lemma labelled_colouring_exists:
  assumes "n \<ge> 3" and "r \<ge> 3" and "finite U" and "card U \<le> card J * n" and J: "J \<subseteq> {..<r}"
  obtains col lab where "labelled_colouring r n J U col lab"
proof -
  obtain col where "block_colouring r n col" using block_colouring_exists assms(1,2) by blast
  moreover obtain \<pi> where "bij_betw \<pi> {..<r} {..<r}" "\<pi> ` {..<card J} = J"
    using ex_perm_lessThan_onto_prefix[OF J] by blast
  moreover obtain h where "h ` U \<subseteq> {..<card J} \<times> {..<n}" "inj_on h U"
    using card_le_inj[OF assms(3), of "{..<card J} \<times> {..<n}"] assms(4)
    by (auto simp: card_cartesian_product)
  moreover have "card J \<le> r" using card_mono[OF _ J] by simp
  ultimately show ?thesis using labelled_colouring_transfer that by metis
qed

section \<open>Monochromatic cliques and copies\<close>

definition mono_clique :: "'a set \<Rightarrow> 'a set set \<Rightarrow> ('a set \<Rightarrow> nat) \<Rightarrow> nat \<Rightarrow> 'a set \<Rightarrow> bool" where
  "mono_clique V E c i Q \<longleftrightarrow> Q \<subseteq> V \<and> (\<forall>x\<in>Q. \<forall>y\<in>Q. x \<noteq> y \<longrightarrow> {x, y} \<in> E \<and> c {x, y} = i)"

lemma mono_clique_subset: "mono_clique V E c i Q \<Longrightarrow> B \<subseteq> Q \<Longrightarrow> mono_clique V E c i B"
  unfolding mono_clique_def by blast

lemma mono_clique_if_mono_copy_K:
  assumes "mono_copy (K_verts n) (K_edges n) V E c"
  obtains Q i where "card Q = n" and "mono_clique V E c i Q"
proof -
  obtain f i where f: "inj_on f {0..<n}" "f ` {0..<n} \<subseteq> V"
    "\<forall>e\<in>K_edges n. f ` e \<in> E \<and> c (f ` e) = i"
    using assms unfolding mono_copy_def K_verts_def by blast
  have "mono_clique V E c i (f ` {0..<n})"
    unfolding mono_clique_def
  proof (intro conjI ballI impI)
    fix x y assume "x \<in> f ` {0..<n}" "y \<in> f ` {0..<n}" "x \<noteq> y"
    then obtain a b where ab: "a < n" "b < n" "x = f a" "y = f b" by auto
    moreover from ab \<open>x \<noteq> y\<close> have "a \<noteq> b" by blast
    ultimately have "{a, b} \<in> K_edges n" unfolding K_edges_def by auto
    then show "{x, y} \<in> E" "c {x, y} = i" using f(3) ab by auto
  qed (use f(2) in blast)
  moreover have "card (f ` {0..<n}) = n" using card_image[OF f(1)] by simp
  ultimately show ?thesis using that by blast
qed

:::

→ **HOW TO COMPLETE THIS TASK**
Return all lines from the material that contain "unfolding".

→ **ANSWER BELOW**
  unfolding mono_clique_def by blast
    using assms unfolding mono_copy_def K_verts_def by blast
    unfolding mono_clique_def
    ultimately have "{a, b} \<in> K_edges n" unfolding K_edges_def by auto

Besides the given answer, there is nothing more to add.